The difference between a personality disorder and a personality trait
There has always been a misunderstanding when it came to a personality disorder and a personality trait. A commonly googled question is: Am I simply obsessed with cleaning or is it OCD?
Samantha Rader, who has a PhD in psychology that was interview by Buzzfeed answered the question by stating that a disorder is something that stops you from functioning in your life, such as stop going to work or school, avoiding your loved ones, inability to keep track of time, and inability to take care of yourself and your basic needs…
There are, as well, many signs of a personality disorder that don’t sound as innocent as a personality trait. For example, a person with a disorder can be classified into three types of behaviors: anxious or fearful behavior, eccentric, dramatic or erratic. In short, displaying atypical behaviors can be a sign of a disorder.
As for the symptoms, there are two major symptoms a person with a personality disorder experiences: Emotional and physical.
According to the Mayo Clinic, emotional symptoms may vary from one person to another and from the people the patients interact with and how they express themselves. For example, people with avoidant personality disorder have an extreme aversion to conflict, allowing others to take advantage of them. Other symptoms can include poor impulse control and a propensity for substance abuse.
The physical symptoms affect the mind, causing a patient to neglect their physical health. For example, a person affected by schizophrenia may neglect their personal hygiene or suffer from insomnia due to fearful thoughts. People with OCD, for example, may have raw skin due to excessive washing and scrubbing. (Personality Disorder Symptoms, Causes, and Effects, 2018.)
So next time, during lunch break in school, when you see your introvert skipping on a group chat and observing in silence instead, consider that they are just tired or have nothing to add to the conversation.
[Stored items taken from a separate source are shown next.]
lemma gain_exponent_ge:
  fixes \<mu> d y H :: real
  defines "m \<equiv> min 1 (\<mu> / 2)"
  defines "a \<equiv> m / (2 * \<mu>)"
  defines "\<epsilon> \<equiv> min 1 (a / (3 * d))"
  assumes mu: "\<mu> > 0" and d: "d \<ge> 1" and y: "y > 0" and H: "H \<ge> y / (2 * \<mu>)"
  shows "(a * \<epsilon> / 2) * (y * ln y) \<le> gain_exponent d \<mu> (m * ln (1 + \<epsilon> * y)) H"
proof -
  define s where "s = ln (1 + \<epsilon> * y)"
  have m: "m > 0" "m \<le> 1" "m \<le> \<mu> / 2" using mu unfolding m_def by auto
  have a: "a > 0" unfolding a_def using m mu by simp
  have \<epsilon>: "\<epsilon> > 0" "\<epsilon> \<le> 1" "\<epsilon> \<le> a / (3 * d)" unfolding \<epsilon>_def using a d by auto
  have \<epsilon>y: "\<epsilon> * y > 0" using \<epsilon> y by simp
  have s0: "s \<ge> 0" unfolding s_def using \<epsilon>y by simp
  have c1: "cosh (m * s) \<le> cosh s"
    using m s0 by (intro cosh_mono_abs) (simp add: abs_mult mult_left_le_one_le)
  have "(2 * m) * s \<le> \<mu> * s" using m s0 by (intro mult_right_mono) auto
  hence c2: "cosh (2 * (m * s) / \<mu>) \<le> cosh s"
    using m mu s0 by (intro cosh_mono_abs) (simp add: abs_mult divide_simps ac_simps)
  have e: "2 * d / exp 1 \<le> d"
    using d exp_ge_add_one_self[of 1] by (simp add: divide_simps)
  have "(2 * d / exp 1) * (cosh (2 * (m * s) / \<mu>) - 1) \<le> d * (cosh s - 1)"
    using mult_mono[OF e, of "cosh (2 * (m * s) / \<mu>) - 1" "cosh s - 1"] c2 d
      cosh_real_ge_1[of "2 * (m * s) / \<mu>"] by simp
  moreover have "2 * d * (cosh (m * s) - 1) \<le> 2 * d * (cosh s - 1)" using c1 d by simp
  ultimately have loss: "2 * d * (cosh (m * s) - 1) + (2 * d / exp 1) * (cosh (2 * (m * s) / \<mu>) - 1)
      \<le> 3 * d * (cosh s - 1)"
    by simp
  have "3 * d * (cosh s - 1) = (3 * d * \<epsilon>) * (y * (\<epsilon> * y / (1 + \<epsilon> * y))) / 2"
    unfolding s_def cosh_ln_one_plus_minus_1[OF less_imp_le[OF \<epsilon>y]] using \<epsilon>y
    by (simp add: field_simps power2_eq_square)
  also have "\<dots> \<le> a * (y * s) / 2"
    using \<epsilon> a d \<epsilon>y y ln_add1_ge[of "\<epsilon> * y"] unfolding s_def
    by (intro divide_right_mono mult_mono) (auto simp: field_simps)
  finally have half1: "3 * d * (cosh s - 1) \<le> a * s * y / 2" by (simp add: ac_simps)
  have "\<epsilon> * ln y \<le> s" unfolding s_def using mult_ln_le_ln_one_plus_mult[OF y \<epsilon>(1,2)] .
  hence half2: "(a * \<epsilon> / 2) * (y * ln y) \<le> a * s * y / 2"
    using mult_left_mono[of "\<epsilon> * ln y" s "a * y"] a y by (simp add: algebra_simps)
  have "a * s * y \<le> m * s * H"
    using mult_left_mono[OF H, of "m * s"] m s0 mu unfolding a_def by (simp add: field_simps)
  thus ?thesis unfolding gain_exponent_def s_def[symmetric] using loss half1 half2 by linarith
qed

lemma gain_exponent_decay:
  fixes \<mu> d :: real
  assumes mu: "\<mu> > 0" and d: "d \<ge> 1"
  obtains c0 where "c0 > 0"
    and "\<And>h R. h > 0 \<Longrightarrow> R \<ge> 4 \<Longrightarrow> \<exists>lam > 0.
      - gain_exponent d \<mu> lam ((R - 2) * h) / h\<^sup>2 \<le> - \<mu> * c0 * (R / h * ln (R * h) + R / h * ln \<mu>)"
proof
  define m where "m = min 1 (\<mu> / 2)"
  define a where "a = m / (2 * \<mu>)"
  define \<epsilon> where "\<epsilon> = min 1 (a / (3 * d))"
  have m: "m > 0" and a: "a > 0" and \<epsilon>: "\<epsilon> > 0"
    unfolding m_def a_def \<epsilon>_def using mu d by auto
  show "a * \<epsilon> / 2 > 0" using a \<epsilon> by simp
  fix h R :: real assume h: "h > 0" and R: "R \<ge> 4"
  define y where "y = R * h * \<mu>"
  have y: "y > 0" unfolding y_def using h R mu by simp
  have "y / (2 * \<mu>) \<le> (R - 2) * h" unfolding y_def using h R mu by (simp add: field_simps)
  from gain_exponent_ge[OF mu d y this]
  have "- gain_exponent d \<mu> (m * ln (1 + \<epsilon> * y)) ((R - 2) * h) / h\<^sup>2 \<le> - (a * \<epsilon> / 2) * (y * ln y) / h\<^sup>2"
    unfolding m_def[symmetric] a_def[symmetric] \<epsilon>_def[symmetric] by (intro divide_right_mono) auto
  also have "\<dots> = - \<mu> * (a * \<epsilon> / 2) * (R / h * ln (R * h) + R / h * ln \<mu>)"
    unfolding y_def using h R mu by (simp add: ln_mult field_simps power2_eq_square)
  finally have "- gain_exponent d \<mu> (m * ln (1 + \<epsilon> * y)) ((R - 2) * h) / h\<^sup>2
      \<le> - \<mu> * (a * \<epsilon> / 2) * (R / h * ln (R * h) + R / h * ln \<mu>)" .
  moreover have "m * ln (1 + \<epsilon> * y) > 0" using m \<epsilon> y by (simp add: ln_gt_zero)
  ultimately show "\<exists>lam > 0. - gain_exponent d \<mu> lam ((R - 2) * h) / h\<^sup>2
      \<le> - \<mu> * (a * \<epsilon> / 2) * (R / h * ln (R * h) + R / h * ln \<mu>)"
    by blast
qed

subsection \<open>Decay on annuli\<close>

lemma summable_on_cosh_weight_square:
  "lam \<ge> 0 \<Longrightarrow> N \<ge> 0 \<Longrightarrow> in_l2 f \<Longrightarrow>
    (\<lambda>j. cosh_weight lam N j * (cmod (f j))\<^sup>2) summable_on UNIV"
  by (rule summable_on_weighted_square[OF cosh_weight_nonneg cosh_weight_le_cap])

lemma weighted_energy_le_macdonald_weighted:
  fixes f :: "int^'d::finite \<Rightarrow> complex" and w :: "int^'d \<Rightarrow> real" and lam \<mu> z N :: real
  defines "W \<equiv> \<lambda>j. \<Prod>k\<in>UNIV. macdonaldK (j $ k * \<mu>) z / macdonaldK 0 z"
  assumes lam: "lam > 0" and mu: "\<mu> > 0" and z: "z > 0" and N: "N \<ge> 0" and f: "in_l2 f"
    and fw: "\<And>j. (cmod (f j))\<^sup>2 \<le> w j"
    and summable: "(\<lambda>j. W j * w j) summable_on UNIV"
  shows "weighted_energy (cosh_weight lam N) f
    \<le> (2 * exp (z * (cosh (2 * lam / \<mu>) - 1))) ^ CARD('d) * infsum (\<lambda>j. W j * w j) UNIV"
proof -
  define M where "M = (2 * exp (z * (cosh (2 * lam / \<mu>) - 1))) ^ CARD('d)"
  have pointwise: "cosh_weight lam N j * (cmod (f j))\<^sup>2 \<le> M * (W j * w j)" for j
  proof -
    have weight: "cosh_weight lam N j \<le> M * W j"
      unfolding M_def W_def by (rule cosh_weight_le_macdonald_product[OF lam mu z N])
    have "cosh_weight lam N j * (cmod (f j))\<^sup>2 \<le> M * W j * (cmod (f j))\<^sup>2"
      using weight by (rule mult_right_mono) simp
    also have "\<dots> \<le> M * W j * w j"
      using fw[of j] weight cosh_weight_nonneg[of lam N j] by (intro mult_left_mono) auto
    finally show ?thesis by (simp add: mult.assoc)
  qed
  have "weighted_energy (cosh_weight lam N) f \<le> infsum (\<lambda>j. M * (W j * w j)) UNIV"
    unfolding weighted_energy_def using lam N f summable
    by (intro infsum_mono pointwise summable_on_cmult_right summable_on_cosh_weight_square) auto
  thus ?thesis unfolding M_def by (simp add: infsum_cmult_right')
qed

lemma annulus_sum_le_weighted_energy:
  fixes f :: "int^'d::finite \<Rightarrow> complex"
  assumes lam: "lam \<ge> 0" and N: "N \<ge> 0" and f: "in_l2 f"
    and A: "\<And>j. j \<in> A \<Longrightarrow> \<rho> \<le> lat_norm j \<and> lat_norm j \<le> N"
  shows "(\<Sum>j\<in>A. (cmod (f j))\<^sup>2) \<le> 2 ^ CARD('d) * exp (- lam * \<rho>) * weighted_energy (cosh_weight lam N) f"
proof (cases "finite A")
  case True
  define c where "c = 2 ^ CARD('d) * exp (- lam * \<rho>)"
  have "(\<Sum>j\<in>A. (cmod (f j))\<^sup>2) \<le> (\<Sum>j\<in>A. c * (cosh_weight lam N j * (cmod (f j))\<^sup>2))"
  proof (rule sum_mono)
    fix j assume "j \<in> A"
    hence "exp (lam * \<rho>) \<le> 2 ^ CARD('d) * cosh_weight lam N j"
      using A by (intro exp_le_cosh_weight lam) auto
    hence "1 \<le> c * cosh_weight lam N j"
      unfolding c_def by (simp add: exp_minus field_simps)
    thus "(cmod (f j))\<^sup>2 \<le> c * (cosh_weight lam N j * (cmod (f j))\<^sup>2)"
      using mult_right_mono[of 1 "c * cosh_weight lam N j" "(cmod (f j))\<^sup>2"] by (simp add: mult.assoc)
  qed
  also have "\<dots> \<le> c * weighted_energy (cosh_weight lam N) f"
    unfolding weighted_energy_def sum_distrib_left[symmetric] c_def
    using summable_on_cosh_weight_square[OF lam N f] True
    by (intro mult_left_mono finite_sum_le_infsum) (auto intro!: mult_nonneg_nonneg cosh_weight_nonneg)
  finally show ?thesis unfolding c_def .
qed (simp add: weighted_energy_nonneg cosh_weight_nonneg)

lemma integral_le_of_le_const:
  fixes f :: "real \<Rightarrow> real"
  assumes f: "\<And>t. t \<in> {a..b} \<Longrightarrow> f t \<le> Q" and Q: "Q \<ge> 0" and ab: "a \<le> b"
  shows "integral {a..b} f \<le> Q * (b - a)"
proof (cases "f integrable_on {a..b}")
  case True
  hence "integral {a..b} f \<le> integral {a..b} (\<lambda>t. Q)" using f by (intro integral_le) auto
  thus ?thesis using ab by (simp add: mult.commute)
qed (use Q ab in \<open>simp add: not_integrable_integral\<close>)

lemma cosh_weight_energy_solution_le:
  fixes u :: "real \<Rightarrow> int^'d::finite \<Rightarrow> complex" and V :: "real \<Rightarrow> int^'d \<Rightarrow> real"
    and h L \<mu> lam N B z :: real
  defines "W \<equiv> \<lambda>j. \<Prod>k\<in>UNIV. macdonaldK (j $ k * \<mu>) z / macdonaldK 0 z"
  assumes sol: "is_C1_l2_solution h V u" and h: "h > 0"
    and VL: "\<And>t j. t \<in> {0..1} \<Longrightarrow> \<bar>V t j\<bar> \<le> L"
    and summable: "(\<lambda>j. W j * ((cmod (u 0 j))\<^sup>2 + (cmod (u 1 j))\<^sup>2)) summable_on UNIV"
    and bound: "infsum (\<lambda>j. W j * ((cmod (u 0 j))\<^sup>2 + (cmod (u 1 j))\<^sup>2)) UNIV \<le> B"
    and lam: "lam > 0" and mu: "\<mu> > 0" and z: "z > 0" and N: "N \<ge> 0" and t: "t \<in> {0..1}"
  shows "weighted_energy (cosh_weight lam N) (u t)
    \<le> exp (2 * L + 2 * real CARD('d) * (cosh lam - 1) / h\<^sup>2)
      * ((2 * exp (z * (cosh (2 * lam / \<mu>) - 1))) ^ CARD('d) * B)"
proof -
  define K where "K = 2 * L + 2 * real CARD('d) * (cosh lam - 1) / h\<^sup>2"
  define M where "M = (2 * exp (z * (cosh (2 * lam / \<mu>) - 1))) ^ CARD('d)"
  have "\<bar>V 0 j\<bar> \<le> L" for j by (rule VL) simp
  hence "L \<ge> 0" by (meson abs_ge_zero order_trans)
  hence K: "K \<ge> 0"
    unfolding K_def using cosh_real_ge_1[of lam]
    by (intro add_nonneg_nonneg divide_nonneg_nonneg mult_nonneg_nonneg) auto
  have l2: "in_l2 (u s)" if "s \<in> {0..1}" for s
    using sol that unfolding is_C1_l2_solution_def by blast
  have "weighted_energy (cosh_weight lam N) (u 0)
      \<le> M * infsum (\<lambda>j. W j * ((cmod (u 0 j))\<^sup>2 + (cmod (u 1 j))\<^sup>2)) UNIV"
    unfolding M_def W_def using summable unfolding W_def
    by (intro weighted_energy_le_macdonald_weighted lam mu z N l2) auto
  also have "\<dots> \<le> M * B" unfolding M_def by (intro mult_left_mono bound) simp
  finally have E0: "weighted_energy (cosh_weight lam N) (u 0) \<le> M * B" .
  have "weighted_energy (cosh_weight lam N) (u t) \<le> exp (K * t) * weighted_energy (cosh_weight lam N) (u 0)"
    unfolding K_def using cosh_weight_shift_le[of lam N] cosh_weight_le_cap[of lam N] lam N
    by (intro weighted_energy_solution_le[OF sol h VL cosh_weight_nonneg _ _ t]) auto
  also have "\<dots> \<le> exp K * (M * B)"
  proof (rule mult_mono[OF _ E0])
    show "exp (K * t) \<le> exp K" using K t by (simp add: mult_right_le_one_le)
  qed (simp_all add: weighted_energy_nonneg cosh_weight_nonneg)
  finally show ?thesis unfolding K_def M_def .
qed

lemma annulus_sum_solution_le:
  fixes u :: "real \<Rightarrow> int^'d::finite \<Rightarrow> complex" and V :: "real \<Rightarrow> int^'d \<Rightarrow> real"
    and h L \<mu> lam R B :: real
  defines "z \<equiv> 2 / (exp 1 * h\<^sup>2)"
  defines "W \<equiv> \<lambda>j. \<Prod>k\<in>UNIV. macdonaldK (j $ k * \<mu>) z / macdonaldK 0 z"
  assumes sol: "is_C1_l2_solution h V u" and h: "h > 0"
    and VL: "\<And>t j. t \<in> {0..1} \<Longrightarrow> \<bar>V t j\<bar> \<le> L"
    and summable: "(\<lambda>j. W j * ((cmod (u 0 j))\<^sup>2 + (cmod (u 1 j))\<^sup>2)) summable_on UNIV"
    and bound: "infsum (\<lambda>j. W j * ((cmod (u 0 j))\<^sup>2 + (cmod (u 1 j))\<^sup>2)) UNIV \<le> B"
    and lam: "lam > 0" and mu: "\<mu> > 0" and R: "R > 1" and t: "t \<in> {0..1}"
  shows "(\<Sum>j\<in>{j. R - 2 < h * lat_norm j \<and> h * lat_norm j < R + 1}. (cmod (u t j))\<^sup>2)
    \<le> 4 ^ CARD('d) * exp (2 * L) * B * exp (- gain_exponent (real CARD('d)) \<mu> lam ((R - 2) * h) / h\<^sup>2)"
proof -
  define d where "d = real CARD('d)"
  define N where "N = (R + 1) / h"
  have N: "N \<ge> 0" unfolding N_def using h R by simp
  have M: "(2 * exp (z * (cosh (2 * lam / \<mu>) - 1))) ^ CARD('d)
      = 2 ^ CARD('d) * exp (d * (z * (cosh (2 * lam / \<mu>) - 1)))"
    unfolding d_def by (simp add: power_mult_distrib exp_of_nat_mult)
  have "(\<Sum>j\<in>{j. R - 2 < h * lat_norm j \<and> h * lat_norm j < R + 1}. (cmod (u t j))\<^sup>2)
      \<le> 2 ^ CARD('d) * exp (- lam * ((R - 2) / h)) * weighted_energy (cosh_weight lam N) (u t)"
    using lam N sol t h unfolding N_def is_C1_l2_solution_def
    by (intro annulus_sum_le_weighted_energy) (auto simp: field_simps)
  also have "\<dots> \<le> 2 ^ CARD('d) * exp (- lam * ((R - 2) / h))
      * (exp (2 * L + 2 * d * (cosh lam - 1) / h\<^sup>2) * ((2 * exp (z * (cosh (2 * lam / \<mu>) - 1))) ^ CARD('d) * B))"
    using summable bound h unfolding W_def z_def d_def
    by (intro mult_left_mono cosh_weight_energy_solution_le[OF sol h VL _ _ lam mu _ N t]) auto
  also have "\<dots> = (2 ^ CARD('d) * 2 ^ CARD('d)) * exp (2 * L) * B
      * (exp (- lam * ((R - 2) / h)) * exp (2 * d * (cosh lam - 1) / h\<^sup>2) * exp (d * (z * (cosh (2 * lam / \<mu>) - 1))))"
    unfolding M exp_add[of "2 * L"] by (simp add: field_simps)
  also have "\<dots> = 4 ^ CARD('d) * exp (2 * L) * B
      * exp (- lam * ((R - 2) / h) + 2 * d * (cosh lam - 1) / h\<^sup>2 + d * (z * (cosh (2 * lam / \<mu>) - 1)))"
    by (simp only: exp_add power_mult_distrib[symmetric]) simp
  also have "- lam * ((R - 2) / h) + 2 * d * (cosh lam - 1) / h\<^sup>2 + d * (z * (cosh (2 * lam / \<mu>) - 1))
      = - gain_exponent d \<mu> lam ((R - 2) * h) / h\<^sup>2"
    unfolding gain_exponent_def z_def using h by (simp add: field_simps power2_eq_square)
  finally show ?thesis unfolding d_def .
qed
While a person with a disorder will exhibit concerning behaviors such as not coming to school at all for an entire year.
When to seek help
As mentioned before, there is a major difference between being an introvert and having an actual personality disorder. You may think that your destructive behavior is due to your introversion, or that your normal behavior is abnormal. And it can be confusing to ask yourself whether you are well and you’re just a bit odd, or you have an actual condition.
So when to seek help?
When your odd behavior encompasses your entire life and when simple tasks such as: answering the phone, going to your job, conversing with your friends, attending an event, getting up from bed and taking care of both your health and hygiene, and all those mental straining simple activities cause you to isolate yourself for a long periods of time – such as months or even years – then you need to seek help immediately.
If you’re not experiencing these difficulties and yet still consider your behavior is odd and isolating yourself from the world for a few days and then getting back out there normally, then you might be an introvert and it’s just part of your personality.